◆ **About this exercise**
The expected answer is every line from the material below that has the word "lambda".

◆ **Supplied information**
================

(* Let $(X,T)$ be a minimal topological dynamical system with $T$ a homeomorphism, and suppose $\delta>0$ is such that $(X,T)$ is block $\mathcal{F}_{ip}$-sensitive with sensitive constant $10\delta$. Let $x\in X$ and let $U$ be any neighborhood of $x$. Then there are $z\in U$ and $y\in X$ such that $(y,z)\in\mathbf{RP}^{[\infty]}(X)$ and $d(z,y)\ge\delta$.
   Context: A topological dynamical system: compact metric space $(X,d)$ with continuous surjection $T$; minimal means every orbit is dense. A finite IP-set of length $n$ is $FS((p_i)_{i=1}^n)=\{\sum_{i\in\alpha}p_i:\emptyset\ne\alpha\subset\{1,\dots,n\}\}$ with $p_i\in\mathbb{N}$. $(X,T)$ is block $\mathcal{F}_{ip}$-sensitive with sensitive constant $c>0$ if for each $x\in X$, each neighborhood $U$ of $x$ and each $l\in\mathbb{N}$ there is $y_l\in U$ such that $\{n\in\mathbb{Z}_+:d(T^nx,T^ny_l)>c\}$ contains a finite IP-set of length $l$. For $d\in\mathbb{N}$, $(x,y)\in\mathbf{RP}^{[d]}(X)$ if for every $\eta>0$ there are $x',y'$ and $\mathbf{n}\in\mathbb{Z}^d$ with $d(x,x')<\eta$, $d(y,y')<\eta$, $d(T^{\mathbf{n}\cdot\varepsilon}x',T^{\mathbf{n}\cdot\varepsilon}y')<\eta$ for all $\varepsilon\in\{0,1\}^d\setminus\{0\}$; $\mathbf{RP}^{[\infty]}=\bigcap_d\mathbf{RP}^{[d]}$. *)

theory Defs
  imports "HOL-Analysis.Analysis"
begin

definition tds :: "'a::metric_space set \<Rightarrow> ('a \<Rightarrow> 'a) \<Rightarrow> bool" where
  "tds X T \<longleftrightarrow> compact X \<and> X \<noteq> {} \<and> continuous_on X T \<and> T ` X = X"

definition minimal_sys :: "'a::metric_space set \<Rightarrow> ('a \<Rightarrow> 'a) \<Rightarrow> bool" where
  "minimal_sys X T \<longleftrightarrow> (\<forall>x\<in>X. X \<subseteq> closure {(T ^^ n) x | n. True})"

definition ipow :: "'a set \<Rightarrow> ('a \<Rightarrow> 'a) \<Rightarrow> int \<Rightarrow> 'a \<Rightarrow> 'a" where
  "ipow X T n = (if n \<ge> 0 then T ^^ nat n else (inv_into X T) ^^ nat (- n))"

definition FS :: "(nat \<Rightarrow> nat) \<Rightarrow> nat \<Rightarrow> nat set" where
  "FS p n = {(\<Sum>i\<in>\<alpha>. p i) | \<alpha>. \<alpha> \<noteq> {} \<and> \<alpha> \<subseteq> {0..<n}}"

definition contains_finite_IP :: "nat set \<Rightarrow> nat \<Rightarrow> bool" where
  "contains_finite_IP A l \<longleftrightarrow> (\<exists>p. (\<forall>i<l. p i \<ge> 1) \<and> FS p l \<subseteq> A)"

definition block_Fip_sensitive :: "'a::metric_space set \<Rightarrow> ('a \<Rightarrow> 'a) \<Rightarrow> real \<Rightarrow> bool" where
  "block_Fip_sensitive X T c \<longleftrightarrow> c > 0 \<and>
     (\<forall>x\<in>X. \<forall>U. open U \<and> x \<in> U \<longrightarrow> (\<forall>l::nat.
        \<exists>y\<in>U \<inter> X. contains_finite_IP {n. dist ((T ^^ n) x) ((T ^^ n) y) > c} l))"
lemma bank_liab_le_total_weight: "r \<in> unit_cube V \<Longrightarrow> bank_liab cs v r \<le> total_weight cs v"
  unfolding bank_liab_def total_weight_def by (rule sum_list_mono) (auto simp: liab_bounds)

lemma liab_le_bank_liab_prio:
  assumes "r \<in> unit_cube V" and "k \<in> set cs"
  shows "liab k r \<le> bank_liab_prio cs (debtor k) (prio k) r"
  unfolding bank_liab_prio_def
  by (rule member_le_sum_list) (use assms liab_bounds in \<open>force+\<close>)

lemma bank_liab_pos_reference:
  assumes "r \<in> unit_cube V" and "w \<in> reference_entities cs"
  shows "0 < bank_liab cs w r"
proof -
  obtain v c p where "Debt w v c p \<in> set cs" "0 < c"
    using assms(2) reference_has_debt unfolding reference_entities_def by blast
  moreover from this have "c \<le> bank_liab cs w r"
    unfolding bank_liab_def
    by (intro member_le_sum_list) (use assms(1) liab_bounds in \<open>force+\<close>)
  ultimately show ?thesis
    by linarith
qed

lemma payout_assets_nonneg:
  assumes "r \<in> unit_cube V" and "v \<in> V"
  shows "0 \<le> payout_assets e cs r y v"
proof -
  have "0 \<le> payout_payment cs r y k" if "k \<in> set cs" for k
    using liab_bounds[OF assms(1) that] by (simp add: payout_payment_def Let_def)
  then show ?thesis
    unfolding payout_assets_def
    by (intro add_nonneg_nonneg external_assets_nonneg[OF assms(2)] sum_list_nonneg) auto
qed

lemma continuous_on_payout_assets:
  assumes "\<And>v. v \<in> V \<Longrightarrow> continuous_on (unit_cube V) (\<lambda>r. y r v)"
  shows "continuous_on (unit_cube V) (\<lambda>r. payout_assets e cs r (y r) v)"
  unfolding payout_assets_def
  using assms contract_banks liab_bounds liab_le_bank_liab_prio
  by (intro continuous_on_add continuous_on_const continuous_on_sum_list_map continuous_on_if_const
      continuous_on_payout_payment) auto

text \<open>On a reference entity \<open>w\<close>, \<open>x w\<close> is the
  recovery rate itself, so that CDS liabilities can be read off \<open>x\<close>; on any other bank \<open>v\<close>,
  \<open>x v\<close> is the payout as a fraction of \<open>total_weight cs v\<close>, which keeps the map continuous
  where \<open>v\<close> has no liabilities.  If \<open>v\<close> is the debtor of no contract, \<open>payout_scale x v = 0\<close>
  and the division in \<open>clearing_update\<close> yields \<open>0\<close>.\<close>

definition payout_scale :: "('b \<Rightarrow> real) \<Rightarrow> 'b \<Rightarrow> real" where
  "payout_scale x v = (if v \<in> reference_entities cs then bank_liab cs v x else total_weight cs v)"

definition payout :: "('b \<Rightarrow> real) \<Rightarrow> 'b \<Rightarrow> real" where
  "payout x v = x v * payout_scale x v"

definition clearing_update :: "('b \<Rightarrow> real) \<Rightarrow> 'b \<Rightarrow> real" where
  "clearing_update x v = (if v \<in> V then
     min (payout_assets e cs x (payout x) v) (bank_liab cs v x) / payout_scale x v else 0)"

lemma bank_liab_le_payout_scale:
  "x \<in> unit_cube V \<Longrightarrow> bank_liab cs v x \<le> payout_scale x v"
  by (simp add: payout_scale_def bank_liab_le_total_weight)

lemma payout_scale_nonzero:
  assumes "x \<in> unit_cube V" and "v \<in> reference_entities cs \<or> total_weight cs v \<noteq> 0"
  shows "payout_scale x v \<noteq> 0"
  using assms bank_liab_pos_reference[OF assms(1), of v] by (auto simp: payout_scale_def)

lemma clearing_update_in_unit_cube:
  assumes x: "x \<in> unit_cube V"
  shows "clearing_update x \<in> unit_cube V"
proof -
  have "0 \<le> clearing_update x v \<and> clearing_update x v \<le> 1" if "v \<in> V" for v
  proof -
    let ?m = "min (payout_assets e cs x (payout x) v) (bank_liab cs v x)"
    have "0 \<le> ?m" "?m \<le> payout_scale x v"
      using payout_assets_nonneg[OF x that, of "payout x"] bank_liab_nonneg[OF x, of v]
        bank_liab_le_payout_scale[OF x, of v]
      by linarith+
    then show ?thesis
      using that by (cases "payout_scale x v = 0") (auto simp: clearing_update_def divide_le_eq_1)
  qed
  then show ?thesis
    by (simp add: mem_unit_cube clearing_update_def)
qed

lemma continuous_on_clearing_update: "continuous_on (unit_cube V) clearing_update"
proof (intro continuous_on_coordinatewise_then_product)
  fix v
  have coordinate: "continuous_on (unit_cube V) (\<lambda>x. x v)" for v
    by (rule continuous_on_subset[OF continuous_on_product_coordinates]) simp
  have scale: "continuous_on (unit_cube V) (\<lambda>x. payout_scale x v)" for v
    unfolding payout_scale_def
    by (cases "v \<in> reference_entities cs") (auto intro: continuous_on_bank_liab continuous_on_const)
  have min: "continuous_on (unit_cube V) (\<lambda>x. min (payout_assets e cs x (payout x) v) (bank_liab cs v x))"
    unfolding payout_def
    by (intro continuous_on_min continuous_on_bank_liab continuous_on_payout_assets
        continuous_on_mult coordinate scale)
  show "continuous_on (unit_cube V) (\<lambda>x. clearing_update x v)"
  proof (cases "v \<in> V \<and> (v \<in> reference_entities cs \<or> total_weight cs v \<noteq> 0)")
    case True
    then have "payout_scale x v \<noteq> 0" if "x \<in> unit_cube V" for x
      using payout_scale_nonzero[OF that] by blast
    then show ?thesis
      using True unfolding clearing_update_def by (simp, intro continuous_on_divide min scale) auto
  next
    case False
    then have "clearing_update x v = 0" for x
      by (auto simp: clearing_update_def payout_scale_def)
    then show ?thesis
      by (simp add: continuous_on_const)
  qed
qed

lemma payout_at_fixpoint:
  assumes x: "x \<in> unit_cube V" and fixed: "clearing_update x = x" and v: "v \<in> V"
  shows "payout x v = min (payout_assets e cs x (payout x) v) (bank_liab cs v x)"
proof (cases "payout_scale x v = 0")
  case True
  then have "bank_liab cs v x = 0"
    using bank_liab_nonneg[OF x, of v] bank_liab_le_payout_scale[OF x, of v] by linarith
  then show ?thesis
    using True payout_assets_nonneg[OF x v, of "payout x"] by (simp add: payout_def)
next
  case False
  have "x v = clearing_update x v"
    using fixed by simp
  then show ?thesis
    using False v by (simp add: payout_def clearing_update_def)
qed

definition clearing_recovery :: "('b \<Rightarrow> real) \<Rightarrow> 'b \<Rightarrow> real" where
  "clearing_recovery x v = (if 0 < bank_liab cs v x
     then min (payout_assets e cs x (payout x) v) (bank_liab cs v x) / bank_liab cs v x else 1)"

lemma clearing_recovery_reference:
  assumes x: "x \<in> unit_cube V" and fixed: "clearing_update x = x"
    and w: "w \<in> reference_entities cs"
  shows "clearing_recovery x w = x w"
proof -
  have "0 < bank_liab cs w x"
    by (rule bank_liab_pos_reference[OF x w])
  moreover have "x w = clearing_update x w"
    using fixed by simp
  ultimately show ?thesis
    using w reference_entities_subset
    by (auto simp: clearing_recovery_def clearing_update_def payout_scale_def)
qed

================

◆ **Answer space**
  assumes "\<And>v. v \<in> V \<Longrightarrow> continuous_on (unit_cube V) (\<lambda>r. y r v)"
  shows "continuous_on (unit_cube V) (\<lambda>r. payout_assets e cs r (y r) v)"
  have coordinate: "continuous_on (unit_cube V) (\<lambda>x. x v)" for v
  have scale: "continuous_on (unit_cube V) (\<lambda>x. payout_scale x v)" for v
  have min: "continuous_on (unit_cube V) (\<lambda>x. min (payout_assets e cs x (payout x) v) (bank_liab cs v x))"
  show "continuous_on (unit_cube V) (\<lambda>x. clearing_update x v)"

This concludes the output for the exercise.